I don't understand this explainxkcd. The comic itself was less confusing. Can please someone who really gets this stuff write a section of the explanation that explains the joke to people like me who do not have a theoretical programming degree? I know that is a tall task but right now it reads as rambling and a bunch of 0(n) that makes no sense to me. I can cut and paste a bash script together and make it work. I can understand that putting a sleep for a million seconds in a loop somewhere makes it slow. But a layperson explanation of what makes a sort linear, what is linear, what is funny about that approach, would be better than all the arguing about 0(n) because we don't get it. Thanks in advance! You folks are awesome! 172.71.147.210 20:51, 19 December 2024 (UTC)
- Maybe this would be a good start:
- --cut here--
- An algorithm is a step-by-step way of doing things.
- A sorting algorithm is a step-by-step way to sort things.
- There are several commonly used sorting algorithms. Some have very little "overhead" (think: set-up time or requiring lots of extra memory) or what I call "molassas" (yes, I just made that up) (think "taking a long time or lots of extra memory for each step") but they really bog down if you have a lot of things that need sorting. These are better if you have a small list of items to sort.
- Others have more "overhead" or "molasses" but don't bog down as much when you have a lot of things that need sorting. These are better if you have a lot of things to sort.
- A linear sorting algorithm would take twice as long to sort twice as many unsorted items. If it took 100 seconds to sort 100 items, then it would take 200 seconds to sort 200, 300 seconds to sort 300, and so on. Algorithms that take "twice as long to do twice as much" are said to run in "Order(n)" or "O(n)" time, where "n" is the number of items they are working on, or in the case of a sorting algorithm, the number of items to be sorted.
- For traditional sorting algorithms that don't use "parallel processing" (that is, they don't do more than one thing in any given moment), a linear sorting algorithm with very little "overhead" or "molasses" would be the "holy grail" of sorting algorithms.

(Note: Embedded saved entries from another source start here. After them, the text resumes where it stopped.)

(* Let $R>r>0$ with $1<R/r<\sqrt{2}$. Then the standard torus $T_{R,r}$ is conformally equivalent to the standard torus $T_{R,\sqrt{R^2-r^2}}$. Moreover, the map $T_{R,r}\mapsto T_{R,\sqrt{R^2-r^2}}$ is a bijection between the set of standard tori $T_{R,r}$ with $1<R/r<\sqrt{2}$ and the set of standard tori $T_{R,r}$ with $\sqrt{2}<R/r$.
   Context: For $R>r>0$, the standard torus $T_{R,r}\subset\mathbb{R}^3$ is the image of $\Phi(\theta,\varphi)=\big((R+r\cos\varphi)\cos\theta,(R+r\cos\varphi)\sin\theta,r\sin\varphi\big)$, $(\theta,\varphi)\in\mathbb{R}^2$, equipped with the complex structure (conformal class) induced by the Euclidean metric of $\mathbb{R}^3$. Standard tori are indexed by the pairs $(R,r)$ with $R>r>0$. *)

theory Defs
  imports "HOL-Analysis.Analysis"
begin

definition torus_param :: "real \<Rightarrow> real \<Rightarrow> real \<times> real \<Rightarrow> real \<times> real \<times> real" where
  "torus_param R r p = (let \<theta> = fst p; \<phi> = snd p in
     ((R + r * cos \<phi>) * cos \<theta>, (R + r * cos \<phi>) * sin \<theta>, r * sin \<phi>))"

definition torus :: "real \<Rightarrow> real \<Rightarrow> (real \<times> real \<times> real) set" where
  "torus R r = range (torus_param R r)"

definition standard_torus_index :: "real \<Rightarrow> real \<Rightarrow> bool" where
  "standard_torus_index R r \<longleftrightarrow> 0 < r \<and> r < R"

definition torus_metric :: "real \<Rightarrow> real \<Rightarrow> real \<times> real \<Rightarrow> real \<times> real \<Rightarrow> real \<times> real \<Rightarrow> real" where
  "torus_metric R r p v w =
     frechet_derivative (torus_param R r) (at p) v \<bullet> frechet_derivative (torus_param R r) (at p) w"

text \<open>Conformal equivalence (biholomorphic equivalence of the induced complex
  structures): a homeomorphism F between the tori whose lift g to the parameter
  plane is differentiable, with differential that is orientation preserving and
  conformal with respect to the induced metrics.\<close>
definition conformally_equivalent :: "real \<Rightarrow> real \<Rightarrow> real \<Rightarrow> real \<Rightarrow> bool" where
  "conformally_equivalent R r R' r' \<longleftrightarrow>
     (\<exists>F F' g Dg.
        homeomorphism (torus R r) (torus R' r') F F' \<and>
        (\<forall>x. torus_param R' r' (g x) = F (torus_param R r x)) \<and>
        (\<forall>x. (g has_derivative Dg x) (at x)) \<and>
        (\<forall>x. fst (Dg x (1,0)) * snd (Dg x (0,1)) - snd (Dg x (1,0)) * fst (Dg x (0,1)) > 0) \<and>
        (\<forall>x. \<exists>c>0. \<forall>v w. torus_metric R' r' (g x) (Dg x v) (Dg x w) = c * torus_metric R r x v w))"

end

theory Submission
  imports Defs
begin

(* The induced metric (R + r cos \<phi>)\<^sup>2 d\<theta>\<^sup>2 + r\<^sup>2 d\<phi>\<^sup>2 of T_{R,r} is conformal to
   d\<theta>\<^sup>2 + (r / (R + r cos \<phi>))\<^sup>2 d\<phi>\<^sup>2. With s = sqrt (R\<^sup>2 - r\<^sup>2), the circle diffeomorphism
   \<psi> = circle_mobius ((R - s) / r) \<phi> has d\<psi>/d\<phi> = s / (R + r cos \<phi>), so the metric is
   conformal to d\<theta>\<^sup>2 + (r / s)\<^sup>2 d\<psi>\<^sup>2: T_{R,r} is conformally the flat rectangular torus
   with side ratio r / s, and T_{R,s} the one with side ratio s / r. Exchanging the two
   angles, one of them reversed to preserve orientation, therefore gives a conformal map
   T_{R,r} \<rightarrow> T_{R,s}. The bound R / r < sqrt 2 only enters the bijection: r \<mapsto> sqrt (R\<^sup>2 - r\<^sup>2)
   is an involution, and R / r < sqrt 2 iff R / s > sqrt 2. *)

(* The boundary map e^{it} \<mapsto> (e^{it} + \<sigma>) / (1 + \<sigma> e^{it}) of a disc automorphism, in angle
   coordinates: its argument is t - 2 arg (1 + \<sigma> e^{it}). *)
definition circle_mobius :: "real \<Rightarrow> real \<Rightarrow> real" where
  "circle_mobius \<sigma> t = t - 2 * arctan (\<sigma> * sin t / (1 + \<sigma> * cos t))"

definition circle_mobius_deriv :: "real \<Rightarrow> real \<Rightarrow> real" where
  "circle_mobius_deriv \<sigma> t = (1 - \<sigma>\<^sup>2) / (1 + 2 * \<sigma> * cos t + \<sigma>\<^sup>2)"

lemma circle_mobius_denom_pos:
  fixes \<sigma> t :: real
  assumes "\<bar>\<sigma>\<bar> < 1"
  shows "0 < 1 + \<sigma> * cos t"
proof -
  have "\<bar>\<sigma> * cos t\<bar> \<le> \<bar>\<sigma>\<bar>"
    using abs_cos_le_one[of t] by (simp add: abs_mult mult_left_le)
  then show ?thesis using assms by linarith
qed

lemma circle_mobius_norm_eq:
  fixes \<sigma> t :: real
  shows "(1 + \<sigma> * cos t)\<^sup>2 + (\<sigma> * sin t)\<^sup>2 = 1 + 2 * \<sigma> * cos t + \<sigma>\<^sup>2"
  using sin_cos_squared_add[of t] by algebra

lemma circle_mobius_norm_pos:
  fixes \<sigma> t :: real
  assumes "\<bar>\<sigma>\<bar> < 1"
  shows "0 < 1 + 2 * \<sigma> * cos t + \<sigma>\<^sup>2"
proof -
  have "0 < (1 + \<sigma> * cos t)\<^sup>2"
    using circle_mobius_denom_pos[OF assms, of t] by simp
  then show ?thesis
    using circle_mobius_norm_eq[of \<sigma> t] zero_le_power2[of "\<sigma> * sin t"] by linarith
qed

lemma circle_mobius_deriv_pos:
  assumes "\<bar>\<sigma>\<bar> < 1"
  shows "0 < circle_mobius_deriv \<sigma> t"
  using circle_mobius_norm_pos[OF assms] assms
  by (simp add: circle_mobius_deriv_def abs_square_less_1)

lemma has_real_derivative_circle_mobius:
  assumes "\<bar>\<sigma>\<bar> < 1"
  shows "(circle_mobius \<sigma> has_real_derivative circle_mobius_deriv \<sigma> t) (at t)"
proof -
  define D where "D = 1 + \<sigma> * cos t"
  define S where "S = \<sigma> * sin t"
  have D: "0 < D" unfolding D_def by (rule circle_mobius_denom_pos[OF assms])
  have "((\<lambda>t. \<sigma> * sin t / (1 + \<sigma> * cos t)) has_real_derivative (\<sigma> * cos t + \<sigma>\<^sup>2) / D\<^sup>2) (at t)"
  proof -
    have "cos t * \<sigma> * (1 + \<sigma> * cos t) + \<sigma> * sin t * (sin t * \<sigma>) = \<sigma> * cos t + \<sigma>\<^sup>2"
      using sin_cos_squared_add[of t] by algebra
    then show ?thesis
      using D unfolding D_def by (auto intro!: derivative_eq_intros simp: power2_eq_square)
  qed
  then have "(circle_mobius \<sigma> has_real_derivative
      1 - 2 * (inverse (1 + (S / D)\<^sup>2) * ((\<sigma> * cos t + \<sigma>\<^sup>2) / D\<^sup>2))) (at t)"
    unfolding circle_mobius_def[abs_def] S_def D_def
    by (intro DERIV_diff DERIV_cmult DERIV_ident DERIV_chain2[OF DERIV_arctan])
  moreover have "inverse (1 + (S / D)\<^sup>2) * ((\<sigma> * cos t + \<sigma>\<^sup>2) / D\<^sup>2)
      = (\<sigma> * cos t + \<sigma>\<^sup>2) / (D\<^sup>2 + S\<^sup>2)"
  proof -
    have "1 + (S / D)\<^sup>2 = (D\<^sup>2 + S\<^sup>2) / D\<^sup>2"
      using D by (simp add: power_divide add_divide_distrib)
    then show ?thesis using D by simp
  qed
  moreover have "1 - 2 * ((\<sigma> * cos t + \<sigma>\<^sup>2) / (D\<^sup>2 + S\<^sup>2)) = circle_mobius_deriv \<sigma> t"
    using circle_mobius_norm_pos[OF assms, of t]
    unfolding D_def S_def circle_mobius_norm_eq circle_mobius_deriv_def by (simp add: field_simps)
  ultimately show ?thesis by (simp only:)
qed

lemma cos_double_arctan: "cos (2 * arctan x) = (1 - x\<^sup>2) / (1 + x\<^sup>2)"
proof -
  have "0 < 1 + x\<^sup>2" by (simp add: add_pos_nonneg)
  then show ?thesis
    by (simp add: cos_double cos_arctan sin_arctan power_divide diff_divide_distrib)
qed

lemma sin_double_arctan: "sin (2 * arctan x) = 2 * x / (1 + x\<^sup>2)"
proof -
  have "0 < 1 + x\<^sup>2" by (simp add: add_pos_nonneg)
  then show ?thesis by (simp add: sin_double cos_arctan sin_arctan)
qed

lemma cos_circle_mobius:
  assumes "\<bar>\<sigma>\<bar> < 1"
  shows "cos (circle_mobius \<sigma> t) = ((1 + \<sigma>\<^sup>2) * cos t + 2 * \<sigma>) / (1 + 2 * \<sigma> * cos t + \<sigma>\<^sup>2)"
proof -
  define D where "D = 1 + \<sigma> * cos t"
  define S where "S = \<sigma> * sin t"
  have D: "0 < D" unfolding D_def by (rule circle_mobius_denom_pos[OF assms])
  have Q: "D\<^sup>2 + S\<^sup>2 = 1 + 2 * \<sigma> * cos t + \<sigma>\<^sup>2"
    unfolding D_def S_def by (rule circle_mobius_norm_eq)
  have "cos (circle_mobius \<sigma> t)
      = cos t * ((1 - (S/D)\<^sup>2) / (1 + (S/D)\<^sup>2)) + sin t * (2 * (S/D) / (1 + (S/D)\<^sup>2))"
    by (simp add: circle_mobius_def cos_diff cos_double_arctan sin_double_arctan D_def S_def)
  also have "\<dots> = cos t * ((D\<^sup>2 - S\<^sup>2) / (D\<^sup>2 + S\<^sup>2)) + sin t * (2 * S * D / (D\<^sup>2 + S\<^sup>2))"
  proof -
    have d: "D\<^sup>2 \<noteq> 0" using D by simp
    have "1 + (S/D)\<^sup>2 = (D\<^sup>2 + S\<^sup>2) / D\<^sup>2"
      using d by (simp add: power_divide add_divide_distrib)
    moreover have "1 - (S/D)\<^sup>2 = (D\<^sup>2 - S\<^sup>2) / D\<^sup>2"
      using d by (simp add: power_divide diff_divide_distrib)
    moreover have "2 * (S/D) = 2 * S * D / D\<^sup>2"
      using D by (simp add: power2_eq_square)
    ultimately show ?thesis using d by (simp only:) simp
  qed
  also have "\<dots> = ((1 + \<sigma>\<^sup>2) * cos t + 2 * \<sigma>) / (1 + 2 * \<sigma> * cos t + \<sigma>\<^sup>2)"
    unfolding times_divide_eq_right add_divide_distrib[symmetric] Q unfolding D_def S_def
    using sin_cos_squared_add[of t] by (intro arg_cong[where f = "\<lambda>u. u / _"]) algebra
  finally show ?thesis .
qed

lemma circle_mobius_deriv_inverse:
  assumes "\<bar>\<sigma>\<bar> < 1"
  shows "circle_mobius_deriv (- \<sigma>) (circle_mobius \<sigma> t) * circle_mobius_deriv \<sigma> t = 1"
proof -
  define Q where "Q = 1 + 2 * \<sigma> * cos t + \<sigma>\<^sup>2"
  define N where "N = (1 + \<sigma>\<^sup>2) * cos t + 2 * \<sigma>"
  have Q: "0 < Q" unfolding Q_def by (rule circle_mobius_norm_pos[OF assms])
  have a: "0 < 1 - \<sigma>\<^sup>2" using assms by (simp add: abs_square_less_1)
  have "1 + 2 * - \<sigma> * (N / Q) + (- \<sigma>)\<^sup>2 = (1 - \<sigma>\<^sup>2)\<^sup>2 / Q"
  proof -
    have "Q * (1 + \<sigma>\<^sup>2) - 2 * \<sigma> * N = (1 - \<sigma>\<^sup>2)\<^sup>2"
      unfolding Q_def N_def by (simp add: power2_eq_square algebra_simps)
    then show ?thesis using Q by (simp add: field_simps)
  qed
  then show ?thesis
    using Q a unfolding circle_mobius_deriv_def cos_circle_mobius[OF assms] N_def[symmetric] Q_def[symmetric]
    by (simp add: power2_eq_square)
qed

lemma circle_mobius_inverse:
  assumes "\<bar>\<sigma>\<bar> < 1"
  shows "circle_mobius (- \<sigma>) (circle_mobius \<sigma> t) = t"
proof -
  have "\<bar>- \<sigma>\<bar> < 1" using assms by simp
  then have "\<forall>u. ((\<lambda>u. circle_mobius (- \<sigma>) (circle_mobius \<sigma> u) - u) has_real_derivative 0) (at u)"
    using DERIV_diff[OF DERIV_chain2[OF has_real_derivative_circle_mobius[of "- \<sigma>"]
          has_real_derivative_circle_mobius[OF assms]] DERIV_ident]
      circle_mobius_deriv_inverse[OF assms] by simp
  from DERIV_isconst_all[OF this, of t 0] show ?thesis by (simp add: circle_mobius_def)
qed

lemma circle_mobius_cong:
  assumes "cos u = cos v" "sin u = sin v"
  shows "cos (circle_mobius \<sigma> u) = cos (circle_mobius \<sigma> v) \<and> sin (circle_mobius \<sigma> u) = sin (circle_mobius \<sigma> v)"
  using assms by (simp add: circle_mobius_def cos_diff sin_diff)

lemma circle_mobius_cong_iff:
  assumes "\<bar>\<sigma>\<bar> < 1"
  shows "cos (circle_mobius \<sigma> u) = cos (circle_mobius \<sigma> v) \<and> sin (circle_mobius \<sigma> u) = sin (circle_mobius \<sigma> v)
    \<longleftrightarrow> cos u = cos v \<and> sin u = sin v"
  using circle_mobius_cong[of "circle_mobius \<sigma> u" "circle_mobius \<sigma> v" "- \<sigma>"] circle_mobius_cong[of u v \<sigma>]
  by (auto simp: circle_mobius_inverse[OF assms])

lemma torus_axis_distance_pos:
  fixes R r t :: real
  assumes "0 < r" "r < R"
  shows "0 < R + r * cos t"
proof -
  have "- r \<le> r * cos t"
    using assms(1) cos_ge_minus_one[of t] by (simp add: mult_le_cancel_left_pos[of r "-1", simplified])
  then show ?thesis using assms(2) by linarith
qed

For example, a hypothetical linear sorting algorithm that took 1/1000th of a second to "set things up" (low "overhead") and an additional 1 second to sort 1,000,000 numbers (not much "molasses") would be able to sort 2,000,000 numbers in just over 2 seconds, 10,000,000 numbers in just over 10 seconds, and 3,600,000,000 numbers in a hair over an hour.
- The reality is that there is no such thing as a general-purpose linear sorting algorithm that has very little overhead (in both time and memory) and very little "molasses." All practical general-purpose sorting algorithms either use parallel processing, they have a lot of overhead (set-up time or uses lots of memory), a lot of "molasses" (takes a long time or uses lots of memory for EACH item in the list) or they are "slower than linear," which means they bog down when you give them a huge list of things to sort. For example, let's say the "mergesort" in Randall's algorithm doesn't have much "overhead" or "molasses" and it sorts 1,000,000 items in 1 second. It's time is "O(nlog(n))" which is a fancy way of saying if you double the number, you'll more than double the time. This means sorting 2,000,000 items will take more than 2 seconds, and sorting 4,000,000 items will take more than twice as long as it takes to sort 2,000,000. Eventually all of those "more than's" add up and things slow to a crawl.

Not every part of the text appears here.